— PROBLEM STATEMENT —
Scan the data below for the string "auto". Copy every line where it appears.

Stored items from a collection
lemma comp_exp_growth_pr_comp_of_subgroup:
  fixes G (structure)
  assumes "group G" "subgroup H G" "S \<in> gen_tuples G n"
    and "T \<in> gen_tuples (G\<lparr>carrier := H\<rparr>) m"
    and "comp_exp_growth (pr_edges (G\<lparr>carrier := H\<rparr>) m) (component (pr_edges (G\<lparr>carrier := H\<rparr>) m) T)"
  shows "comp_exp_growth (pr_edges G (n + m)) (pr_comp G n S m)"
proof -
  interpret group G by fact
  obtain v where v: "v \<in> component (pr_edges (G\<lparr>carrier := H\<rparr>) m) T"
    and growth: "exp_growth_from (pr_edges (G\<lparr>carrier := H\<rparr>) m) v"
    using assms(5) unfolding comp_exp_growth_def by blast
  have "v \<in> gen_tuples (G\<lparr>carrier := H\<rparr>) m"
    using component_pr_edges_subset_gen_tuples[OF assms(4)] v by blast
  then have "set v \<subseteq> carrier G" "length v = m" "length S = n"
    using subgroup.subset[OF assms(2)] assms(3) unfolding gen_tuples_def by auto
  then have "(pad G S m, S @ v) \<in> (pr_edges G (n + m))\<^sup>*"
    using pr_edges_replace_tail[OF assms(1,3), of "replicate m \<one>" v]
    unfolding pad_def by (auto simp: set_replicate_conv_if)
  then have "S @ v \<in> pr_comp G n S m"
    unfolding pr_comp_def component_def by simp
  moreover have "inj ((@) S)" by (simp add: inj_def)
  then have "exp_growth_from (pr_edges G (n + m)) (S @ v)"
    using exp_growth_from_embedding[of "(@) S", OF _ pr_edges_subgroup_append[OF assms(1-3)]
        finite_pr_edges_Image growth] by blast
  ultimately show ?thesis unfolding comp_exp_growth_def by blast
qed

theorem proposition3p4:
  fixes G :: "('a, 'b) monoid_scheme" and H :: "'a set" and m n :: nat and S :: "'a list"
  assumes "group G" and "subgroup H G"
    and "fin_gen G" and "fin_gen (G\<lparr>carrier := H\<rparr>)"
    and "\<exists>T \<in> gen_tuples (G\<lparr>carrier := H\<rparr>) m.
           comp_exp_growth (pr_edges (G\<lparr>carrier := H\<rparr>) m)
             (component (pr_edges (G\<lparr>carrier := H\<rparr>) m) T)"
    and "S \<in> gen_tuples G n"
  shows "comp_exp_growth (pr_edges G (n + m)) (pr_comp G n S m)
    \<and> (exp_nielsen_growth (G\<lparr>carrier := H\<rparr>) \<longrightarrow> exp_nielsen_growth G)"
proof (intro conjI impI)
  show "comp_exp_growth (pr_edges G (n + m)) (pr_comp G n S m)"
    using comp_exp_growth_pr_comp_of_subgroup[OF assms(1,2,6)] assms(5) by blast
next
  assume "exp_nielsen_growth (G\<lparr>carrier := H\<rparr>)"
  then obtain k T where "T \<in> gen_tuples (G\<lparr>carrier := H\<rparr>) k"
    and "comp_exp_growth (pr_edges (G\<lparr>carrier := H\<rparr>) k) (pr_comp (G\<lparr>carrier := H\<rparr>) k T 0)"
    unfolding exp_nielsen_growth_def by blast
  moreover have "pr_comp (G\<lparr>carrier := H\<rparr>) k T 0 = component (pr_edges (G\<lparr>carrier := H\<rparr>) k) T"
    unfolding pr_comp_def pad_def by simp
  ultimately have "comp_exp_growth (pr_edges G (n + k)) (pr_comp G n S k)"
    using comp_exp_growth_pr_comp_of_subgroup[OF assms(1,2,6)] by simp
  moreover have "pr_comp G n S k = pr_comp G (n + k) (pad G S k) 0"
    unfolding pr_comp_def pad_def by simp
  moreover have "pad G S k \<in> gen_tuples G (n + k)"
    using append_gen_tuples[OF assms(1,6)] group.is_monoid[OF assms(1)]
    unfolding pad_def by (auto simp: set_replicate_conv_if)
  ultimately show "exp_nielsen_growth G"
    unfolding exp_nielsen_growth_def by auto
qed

— ANSWER BOX —
    using subgroup.subset[OF assms(2)] assms(3) unfolding gen_tuples_def by auto
    unfolding pad_def by (auto simp: set_replicate_conv_if)
    unfolding pad_def by (auto simp: set_replicate_conv_if)
    unfolding exp_nielsen_growth_def by auto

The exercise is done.